W Holding Co. v. Chartis Insurance

845 F. Supp. 2d 422, 2012 WL 620717, 2012 U.S. Dist. LEXIS 23315
CourtDistrict Court, D. Puerto Rico
DecidedFebruary 24, 2012
DocketCivil No. 11-2271 (GAG)
StatusPublished
Cited by1 cases

This text of 845 F. Supp. 2d 422 (W Holding Co. v. Chartis Insurance) is published on Counsel Stack Legal Research, covering District Court, D. Puerto Rico primary law. Counsel Stack provides free access to over 12 million legal documents including statutes, case law, regulations, and constitutions.

Bluebook
W Holding Co. v. Chartis Insurance, 845 F. Supp. 2d 422, 2012 WL 620717, 2012 U.S. Dist. LEXIS 23315 (prd 2012).

Opinion

OPINION AND ORDER

GUSTAVO A. GELPÍ, District Judge.

Presently before the court is a motion for remand filed by the former directors and officers of a failed bank under receivership of the Federal Deposit Insurance Corporation (“FDIC”) (Docket No. 16). The FDIC opposed the motion (Docket No. 23). A reply was 'subsequently filed (Docket No. 40) and a surreply was tendered (Docket No. 43-1). After reviewing these submissions and the pertinent law, the court DENIES the motion for remand at Docket No. 16.

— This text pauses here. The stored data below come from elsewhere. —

(* Let $\nu\in\mathbb M$. The following are equivalent: (1) $\nu$ is ergodic with respect to $\mathbb S\times\mathbb O$; (2) for every $k\ge0$, $\theta_k[\nu]$ is ergodic with respect to $\mathbb S^{2^k}$; (3) there is $n\ge0$ such that $\theta_k[\nu]$ is ergodic with respect to $\mathbb S^{2^k}$ for every $k\ge n$.
   Context: $I=\{0,1\}$. $\mathbb S$ is the left shift on $I^{\mathbb Z}$; for a measure $\eta$, $\mathbb S^j\eta$ is the pushforward. $I^{\mathbb N}$ is the space of $0$–$1$ sequences $(\alpha_i)_{i\ge1}$ with uniform Bernoulli measure $m$; $\mathbb O$ is the odometer (addition of $1$ with carry to the right: if $\alpha_1=\dots=\alpha_{n-1}=1$, $\alpha_n=0$, then $\mathbb O[\alpha]_i=0$ for $i<n$, $\mathbb O[\alpha]_n=1$, $\mathbb O[\alpha]_i=\alpha_i$ for $i>n$). $\mathbb M$ is the set of Borel probability measures on $I^{\mathbb Z}\times I^{\mathbb N}$ invariant under $\mathbb S\times\mathbb O$. For $k\ge0$, $A_{0,k}=\{\alpha:\alpha_1=\dots=\alpha_k=0\}$, and $\theta_k[\nu]$ is the normalized projection to $I^{\mathbb Z}$ of the restriction of $\nu$ to $I^{\mathbb Z}\times A_{0,k}$; it is $\mathbb S^{2^k}$-invariant. *)

theory Defs
  imports "HOL-Probability.Probability"
begin

definition ZS :: "(int \<Rightarrow> bool) measure" where
  "ZS = PiM UNIV (\<lambda>_. count_space UNIV)"

text \<open>The one-sided space I^N; a sequence (alpha_i)_{i>=1} is represented 0-based:
  alpha_{i+1} = a i.\<close>
definition NS :: "(nat \<Rightarrow> bool) measure" where
  "NS = PiM UNIV (\<lambda>_. count_space UNIV)"

definition shift :: "(int \<Rightarrow> bool) \<Rightarrow> (int \<Rightarrow> bool)" where
  "shift x = (\<lambda>i. x (i + 1))"

text \<open>Odometer: add 1 with carry to the right (the all-ones sequence goes to all zeros).\<close>
definition odometer :: "(nat \<Rightarrow> bool) \<Rightarrow> (nat \<Rightarrow> bool)" where
  "odometer a = (if \<forall>i. a i then (\<lambda>_. False)
     else (let n = (LEAST n. \<not> a n) in (\<lambda>i. if i < n then False else if i = n then True else a i)))"

definition SO :: "(int \<Rightarrow> bool) \<times> (nat \<Rightarrow> bool) \<Rightarrow> (int \<Rightarrow> bool) \<times> (nat \<Rightarrow> bool)" where
  "SO p = (shift (fst p), odometer (snd p))"

definition inv_measures :: "((int \<Rightarrow> bool) \<times> (nat \<Rightarrow> bool)) measure set" where
  "inv_measures = {\<nu>. prob_space \<nu> \<and> sets \<nu> = sets (ZS \<Otimes>\<^sub>M NS) \<and> distr \<nu> \<nu> SO = \<nu>}"

definition ergodic :: "'a measure \<Rightarrow> ('a \<Rightarrow> 'a) \<Rightarrow> bool" where
  "ergodic M T \<longleftrightarrow> T \<in> M \<rightarrow>\<^sub>M M \<and> distr M M T = M \<and>
     (\<forall>A \<in> sets M. T -` A \<inter> space M = A \<longrightarrow> emeasure M A = 0 \<or> emeasure M A = 1)"
(* Let $G$ be a connected graph. (a) $O_{\rm SR}(G)=\mathcal{M}$ if and only if $G_{\rm SR}\cong xK_2$ for some positive integer $x$. (b) Let $H\in\{C_3,P_3,P_4,P_5\}$. If $G_{\rm SR}\cong H\cup xK_2$ (disjoint union) for some integer $x\ge 0$, then $O_{\rm SR}(G)=\mathcal{N}$. (c) Let $H^*\in\{K_m, C_m, P_{m+2}, xC_3\cup yP_3\}$, where $m\ge 4$ and $x+y\ge 2$. If $G_{\rm SR}$ contains $H^*$ as a subgraph, then $O_{\rm SR}(G)=\mathcal{B}$.
   Context: All graphs are finite, simple and undirected; $d(x,y)$ is the shortest-path distance. $P_n,C_n,K_n$ denote path, cycle and complete graph on $n$ vertices; $xK_2$ is the disjoint union of $x$ copies of $K_2$ and $\cup$ denotes disjoint union. A set $S\subseteq V(G)$ is a strong resolving set of a connected graph $G$ if for all distinct $x,y\in V(G)$ there exists $z\in S$ such that $x$ lies on a $y$–$z$ geodesic or $y$ lies on an $x$–$z$ geodesic. A vertex $u$ is maximally distant from $v$ if $d(u,v)\ge d(w,v)$ for every neighbor $w$ of $u$; $u,v$ are mutually maximally distant (MMD) if each is maximally distant from the other. The strong resolving graph $G_{\rm SR}$ has vertex set $\{x: x\text{ is MMD with some }y\}$ and edges exactly the MMD pairs. The Maker–Breaker strong resolving game on $G$: Maker and Breaker alternately select a not-yet-chosen vertex of $G$; Maker wins if the vertices he selects contain a strong resolving set of $G$, Breaker wins otherwise. In the M-game Maker moves first, in the B-game Breaker moves first. $O_{\rm SR}(G)=\mathcal{M}$ if Maker has a winning strategy in both games, $\mathcal{B}$ if Breaker has a winning strategy in both, and $\mathcal{N}$ if the first player has a winning strategy in each. *)

theory Defs
  imports Main
begin

type_synonym 'a graph = "'a set \<times> ('a \<Rightarrow> 'a \<Rightarrow> bool)"

definition simple_graph :: "'a graph \<Rightarrow> bool" where
  "simple_graph G \<longleftrightarrow> finite (fst G) \<and> (\<forall>x y. snd G x y \<longrightarrow> snd G y x)
     \<and> (\<forall>x. \<not> snd G x x) \<and> (\<forall>x y. snd G x y \<longrightarrow> x \<in> fst G \<and> y \<in> fst G)"

definition is_walk :: "'a graph \<Rightarrow> 'a list \<Rightarrow> bool" where
  "is_walk G xs \<longleftrightarrow> xs \<noteq> [] \<and> set xs \<subseteq> fst G
     \<and> (\<forall>i. Suc i < length xs \<longrightarrow> snd G (xs ! i) (xs ! Suc i))"

definition walk_betw :: "'a graph \<Rightarrow> 'a \<Rightarrow> 'a \<Rightarrow> 'a list \<Rightarrow> bool" where
  "walk_betw G x y xs \<longleftrightarrow> is_walk G xs \<and> hd xs = x \<and> last xs = y"

definition connected_graph :: "'a graph \<Rightarrow> bool" where
  "connected_graph G \<longleftrightarrow> (\<forall>x\<in>fst G. \<forall>y\<in>fst G. \<exists>xs. walk_betw G x y xs)"

definition gdist :: "'a graph \<Rightarrow> 'a \<Rightarrow> 'a \<Rightarrow> nat" where
  "gdist G x y = (LEAST n. \<exists>xs. walk_betw G x y xs \<and> length xs = Suc n)"

definition geodesic :: "'a graph \<Rightarrow> 'a \<Rightarrow> 'a \<Rightarrow> 'a list \<Rightarrow> bool" where
  "geodesic G y z xs \<longleftrightarrow> walk_betw G y z xs \<and> length xs = Suc (gdist G y z)"

definition on_geodesic :: "'a graph \<Rightarrow> 'a \<Rightarrow> 'a \<Rightarrow> 'a \<Rightarrow> bool" where
  "on_geodesic G x y z \<longleftrightarrow> (\<exists>xs. geodesic G y z xs \<and> x \<in> set xs)"

definition strong_resolving_set :: "'a graph \<Rightarrow> 'a set \<Rightarrow> bool" where
  "strong_resolving_set G S \<longleftrightarrow> S \<subseteq> fst G \<and>
     (\<forall>x\<in>fst G. \<forall>y\<in>fst G. x \<noteq> y \<longrightarrow>
        (\<exists>z\<in>S. on_geodesic G x y z \<or> on_geodesic G y x z))"

definition max_distant :: "'a graph \<Rightarrow> 'a \<Rightarrow> 'a \<Rightarrow> bool" where
  "max_distant G u v \<longleftrightarrow> u \<in> fst G \<and> v \<in> fst G \<and>
     (\<forall>w. snd G u w \<longrightarrow> gdist G w v \<le> gdist G u v)"

definition mmd :: "'a graph \<Rightarrow> 'a \<Rightarrow> 'a \<Rightarrow> bool" where
  "mmd G u v \<longleftrightarrow> u \<noteq> v \<and> max_distant G u v \<and> max_distant G v u"

definition strong_resolving_graph :: "'a graph \<Rightarrow> 'a graph" where
  "strong_resolving_graph G = ({x \<in> fst G. \<exists>y. mmd G x y}, mmd G)"

text \<open>Maker--Breaker strong resolving game. Position: (Maker to move?, Maker's set, Breaker's set).
  The game ends when all vertices are chosen; Maker wins iff his set contains an SRS.\<close>
inductive maker_wins :: "'a graph \<Rightarrow> bool \<Rightarrow> 'a set \<Rightarrow> 'a set \<Rightarrow> bool" for G where
  end_game: "fst G - Mk - Br = {} \<Longrightarrow> \<exists>S\<subseteq>Mk. strong_resolving_set G S \<Longrightarrow> maker_wins G t Mk Br"
| maker_move: "v \<in> fst G - Mk - Br \<Longrightarrow> maker_wins G False (insert v Mk) Br \<Longrightarrow> maker_wins G True Mk Br"
| breaker_move: "fst G - Mk - Br \<noteq> {} \<Longrightarrow> \<forall>v\<in>fst G - Mk - Br. maker_wins G True Mk (insert v Br)
     \<Longrightarrow> maker_wins G False Mk Br"

inductive breaker_wins :: "'a graph \<Rightarrow> bool \<Rightarrow> 'a set \<Rightarrow> 'a set \<Rightarrow> bool" for G where
  end_game: "fst G - Mk - Br = {} \<Longrightarrow> \<not> (\<exists>S\<subseteq>Mk. strong_resolving_set G S) \<Longrightarrow> breaker_wins G t Mk Br"
| breaker_move: "v \<in> fst G - Mk - Br \<Longrightarrow> breaker_wins G True Mk (insert v Br) \<Longrightarrow> breaker_wins G False Mk Br"
| maker_move: "fst G - Mk - Br \<noteq> {} \<Longrightarrow> \<forall>v\<in>fst G - Mk - Br. breaker_wins G False (insert v Mk) Br
     \<Longrightarrow> breaker_wins G True Mk Br"

text \<open>M-game: Maker moves first (True); B-game: Breaker moves first (False).\<close>
definition O_SR_M :: "'a graph \<Rightarrow> bool" where
  "O_SR_M G \<longleftrightarrow> maker_wins G True {} {} \<and> maker_wins G False {} {}"

definition O_SR_B :: "'a graph \<Rightarrow> bool" where
  "O_SR_B G \<longleftrightarrow> breaker_wins G True {} {} \<and> breaker_wins G False {} {}"

definition O_SR_N :: "'a graph \<Rightarrow> bool" where
  "O_SR_N G \<longleftrightarrow> maker_wins G True {} {} \<and> breaker_wins G False {} {}"

definition graph_iso :: "'a graph \<Rightarrow> 'b graph \<Rightarrow> bool" where
  "graph_iso G H \<longleftrightarrow> (\<exists>f. bij_betw f (fst G) (fst H) \<and>
     (\<forall>x\<in>fst G. \<forall>y\<in>fst G. snd G x y \<longleftrightarrow> snd H (f x) (f y)))"

definition subgraph_of :: "'b graph \<Rightarrow> 'a graph \<Rightarrow> bool" where
  "subgraph_of H G \<longleftrightarrow> (\<exists>f. inj_on f (fst H) \<and> f ` fst H \<subseteq> fst G \<and>
     (\<forall>x\<in>fst H. \<forall>y\<in>fst H. snd H x y \<longrightarrow> snd G (f x) (f y)))"

definition path_graph :: "nat \<Rightarrow> nat graph" where
  "path_graph n = ({..<n}, \<lambda>i j. i < n \<and> j < n \<and> (j = Suc i \<or> i = Suc j))"

definition cycle_graph :: "nat \<Rightarrow> nat graph" where
  "cycle_graph n = ({..<n}, \<lambda>i j. i < n \<and> j < n \<and> (j = Suc i mod n \<or> i = Suc j mod n))"

definition complete_graph :: "nat \<Rightarrow> nat graph" where
  "complete_graph n = ({..<n}, \<lambda>i j. i < n \<and> j < n \<and> i \<noteq> j)"

fun sum_adj :: "('a \<Rightarrow> 'a \<Rightarrow> bool) \<Rightarrow> ('b \<Rightarrow> 'b \<Rightarrow> bool) \<Rightarrow> 'a + 'b \<Rightarrow> 'a + 'b \<Rightarrow> bool" where
  "sum_adj E1 E2 (Inl a) (Inl b) = E1 a b"
| "sum_adj E1 E2 (Inr a) (Inr b) = E2 a b"
| "sum_adj E1 E2 _ _ = False"

definition gunion :: "'a graph \<Rightarrow> 'b graph \<Rightarrow> ('a + 'b) graph" where
  "gunion G H = (Inl ` fst G \<union> Inr ` fst H, sum_adj (snd G) (snd H))"

definition copies :: "nat \<Rightarrow> 'a graph \<Rightarrow> ('a \<times> nat) graph" where
  "copies x H = (fst H \<times> {..<x}, \<lambda>(a, i) (b, j). i = j \<and> i < x \<and> snd H a b)"

end

theory Submission
  imports Defs
begin

text \<open>Every pair \<open>x, y\<close> of distinct vertices lies, in this order, on a geodesic between some
  mutually maximally distant pair \<open>u, v\<close>, while no vertex of an MMD pair lies on a geodesic
  from its partner to a third vertex. Hence a set is strongly resolving iff it meets every MMD
  pair, that is, iff it is a vertex cover of \<open>G\<^sub>S\<^sub>R\<close>, and the game is the Maker--Breaker vertex
  cover game on \<open>G\<^sub>S\<^sub>R\<close>.

  Breaker wins once he owns both ends of an edge of \<open>G\<^sub>S\<^sub>R\<close>. So he wins if he may move first and
  some \<open>P\<^sub>3\<close> is free (he takes its centre and then one of its ends), and even when Maker moves
  first if every vertex is avoided by some \<open>P\<^sub>3\<close>; this gives (c), where the listed graphs have
  this property. Conversely, if \<open>G\<^sub>S\<^sub>R\<close> minus Maker's vertices is a matching, Maker wins by
  answering every Breaker move with its partner. Part (a) follows because a graph without
  \<open>P\<^sub>3\<close> is a matching, and in (b) Maker first takes the vertex of \<open>H\<close> whose removal leaves a
  matching, while Breaker moving first still finds a free \<open>P\<^sub>3\<close>.\<close>

section \<open>Walks and distances\<close>

lemma is_walk_singleton [simp]: "is_walk G [x] \<longleftrightarrow> x \<in> fst G"
  by (auto simp: is_walk_def)

lemma is_walk_Cons_Cons [simp]:
  "is_walk G (x # y # xs) \<longleftrightarrow> x \<in> fst G \<and> snd G x y \<and> is_walk G (y # xs)"
  by (auto simp: is_walk_def less_Suc_eq_0_disj)

lemma is_walk_append:
  "is_walk G xs \<Longrightarrow> is_walk G ys \<Longrightarrow> last xs = hd ys \<Longrightarrow> is_walk G (xs @ tl ys)"
proof (induction xs rule: induct_list012)
  case 1 then show ?case by (simp add: is_walk_def)
next
  case (2 x) then show ?case by (cases ys) auto
next
  case (3 x y zs) then show ?case by auto
qed

lemma is_walk_rev:
  assumes "simple_graph G" "is_walk G xs"
  shows "is_walk G (rev xs)"
proof -
  have "snd G (rev xs ! i) (rev xs ! Suc i)" if "Suc i < length xs" for i
  proof -
    define j where "j = length xs - Suc (Suc i)"
    have "snd G (xs ! j) (xs ! Suc j)"
      using assms(2) that unfolding is_walk_def j_def by auto
    moreover have "rev xs ! i = xs ! Suc j" "rev xs ! Suc i = xs ! j"
      using that by (auto simp: rev_nth j_def Suc_diff_Suc)
    ultimately show ?thesis using assms(1) by (simp add: simple_graph_def)
  qed
  then show ?thesis using assms(2) by (auto simp: is_walk_def)
qed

I. Factual and Procedural Background

On April 30, 2010, the Office of the Commissioner of Financial Institutions of the Commonwealth of Puerto Rico closed Westernbank Puerto Rico (‘Western-bank”) and appointed the FDIC as receiver of the failed bank. (See Docket No. 1-5.) W Holding Company, Inc. (“W Holding”) is the bank holding company of the now defunct Westernbank. (See Docket No. 26-1 at 2 ¶ 3.) Frank Stipes Garcia, Juan Frontera Garcia, Hector Del Rio Torres, William Vidal Carvajal, Cesar Ruiz Rodriguez and Pedro Dominguez Zayas (“Individual Plaintiffs”) are former members of the Board of Directors and/or officers of Westernbank. (See Docket No. 26-1 at 2 ¶ 4.)

The present case was filed in the Puerto Rico Court of First Instance on October 6, 2011 (“State Court Action”) by W Holding and Individual Plaintiffs (collectively “Plaintiffs”) against Chartis Insurance Company of Puerto Rico (“Chartis”). (See Docket No. 26-1.) Plaintiffs sought declaratory judgment regarding their rights to coverage under the director and officer insurance policies issued by Chartis “for claims and/or complaints that the [FDIC] is pursuing and intends to pursue against the plaintiffs.”1 (See id. at 2-3 ¶ 6.)

On December 30, 2011, the FDIC filed a complaint in intervention in the State Court Action (Docket No. 1^4) pursuant to Puerto Rico’s Direct Action Statute, P.R. Laws Ann. tit. 26, §§ 2001, 2003, and removed it to federal court pursuant to 12 U.S.C. § 1819 (Docket No. 1). The FDIC’s complaint in intervention included damages claims for Individual Plaintiffs’ gross negligence in the discharge of their duties as directors and officers of Western-bank. (See Docket No. 1-4 at 2.)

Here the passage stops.